Instead of taking a counted reference to each vfsmount as it descends the tree, RCU-walk samples the state of mount_lock at the start of the walk and stores this initial sequence number in the struct nameidata in the m_seq field. This one lock and one sequence number are used to validate all accesses to all vfsmounts and all mount point crossings. As changes to the mount table are relatively rare, it is reasonable to fall back on REF-walk any time that any "mount" or "unmount" happens.

m_seq is checked (using read_seqretry()) at the end of an RCU-walk sequence, whether switching to REF-walk for the rest of the path or when the end of the path is reached. It is also checked when stepping down over a mount point (in __follow_mount_rcu()) or up (in follow_dotdot_rcu()). If it is ever found to have changed, the whole RCU-walk sequence is aborted and the path is processed again by REF-walk.

If RCU-walk finds that mount_lock hasn't changed then it can be sure that, had REF-walk taken counted references on each vfsmount, the results would have been the same. This ensures the invariant holds, at least for vfsmount structures.

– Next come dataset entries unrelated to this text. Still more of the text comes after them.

lemma UNIV_bit: "(UNIV :: bit set) = {0, 1}"
  by (auto intro: bit.exhaust)

lemma bit_add_self [simp]: "a + a = (0 :: bit)"
  by (cases a) (simp_all flip: one_add_one)

lemma bit_add_eq_0_iff: "a + b = (0 :: bit) \<longleftrightarrow> a = b"
  by (cases a; cases b) (simp_all flip: one_add_one)

lemma card_mat_kernel:
  fixes A :: "'a::field mat"
  assumes A: "A \<in> carrier_mat nr nc"
  shows "card (mat_kernel A) = card (UNIV :: 'a set) ^ kernel_dim A"
proof -
  interpret K: kernel nr nc A by (unfold_locales, rule A)
  obtain B where fB: "finite B" and bB: "K.basis B"
    using kernel_basis_exists[OF A] by blast
  have BK: "B \<subseteq> mat_kernel A"
    using bB unfolding K.Ker.basis_def by auto
  have unique: "\<exists>!c. c \<in> B \<rightarrow>\<^sub>E UNIV \<and> K.lincomb c B = v" if "v \<in> mat_kernel A" for v
    using K.Ker.basis_criterion[OF fB BK] bB that by simp
  have "bij_betw (\<lambda>c. K.lincomb c B) (B \<rightarrow>\<^sub>E UNIV) (mat_kernel A)"
  proof (rule bij_betwI')
    show "K.lincomb c B \<in> mat_kernel A" for c
      using K.Ker.lincomb_closed[OF BK] by auto
    then show "K.lincomb c B = K.lincomb d B \<longleftrightarrow> c = d"
      if "c \<in> B \<rightarrow>\<^sub>E UNIV" "d \<in> B \<rightarrow>\<^sub>E UNIV" for c d
      using unique that by metis
    show "\<exists>c \<in> B \<rightarrow>\<^sub>E UNIV. v = K.lincomb c B" if "v \<in> mat_kernel A" for v
      using unique[OF that] by metis
  qed
  then have "card (mat_kernel A) = card (UNIV :: 'a set) ^ card B"
    by (simp add: bij_betw_same_card[symmetric] card_funcsetE[OF fB])
  then show ?thesis
    using K.Ker.dim_basis[OF fB bB] by simp
qed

`dentry->d_seq` and `nd->seq`

In place of taking a count or lock on d_reflock, RCU-walk samples the per-dentry d_seq seqlock, and stores the sequence number in the seq field of the nameidata structure, so nd->seq should always be the current sequence number of nd->dentry. This number needs to be revalidated after copying, and before using, the name, parent, or inode of the dentry.

The handling of the name we have already looked at, and the parent is only accessed in follow_dotdot_rcu() which fairly trivially follows the required pattern, though it does so for three different cases.

When not at a mount point, d_parent is followed and its d_seq is collected. When we are at a mount point, we instead follow the mnt->mnt_mountpoint link to get a new dentry and collect its d_seq. Then, after finally finding a d_parent to follow, we must check if we have landed on a mount point and, if so, must find that mount point and follow the mnt->mnt_root link. This would imply a somewhat unusual, but certainly possible, circumstance where the starting point of the path lookup was in part of the filesystem that was mounted on, and so not visible from the root.

The inode pointer, stored in ->d_inode, is a little more interesting. The inode will always need to be accessed at least twice, once to determine if it is NULL and once to verify access permissions. Symlink handling requires a validated inode pointer too. Rather than revalidating on each access, a copy is made on the first access and it is stored in the inode field of nameidata from where it can be safely accessed without further validation.

lookup_fast() is the only lookup routine that is used in RCU-mode, lookup_slow() being too slow and requiring locks. It is in lookup_fast() that we find the important "hand over hand" tracking of the current dentry.

The current dentry and current seq number are passed to __d_lookup_rcu() which, on success, returns a new dentry and a new seq number. lookup_fast() then copies the inode pointer and revalidates the new seq number. It then validates the old dentry with the old seq number one last time and only then continues. This process of getting the seq number of the new dentry and then checking the seq number of the old exactly mirrors the process of getting a counted reference to the new dentry before dropping that for the old dentry which we saw in REF-walk.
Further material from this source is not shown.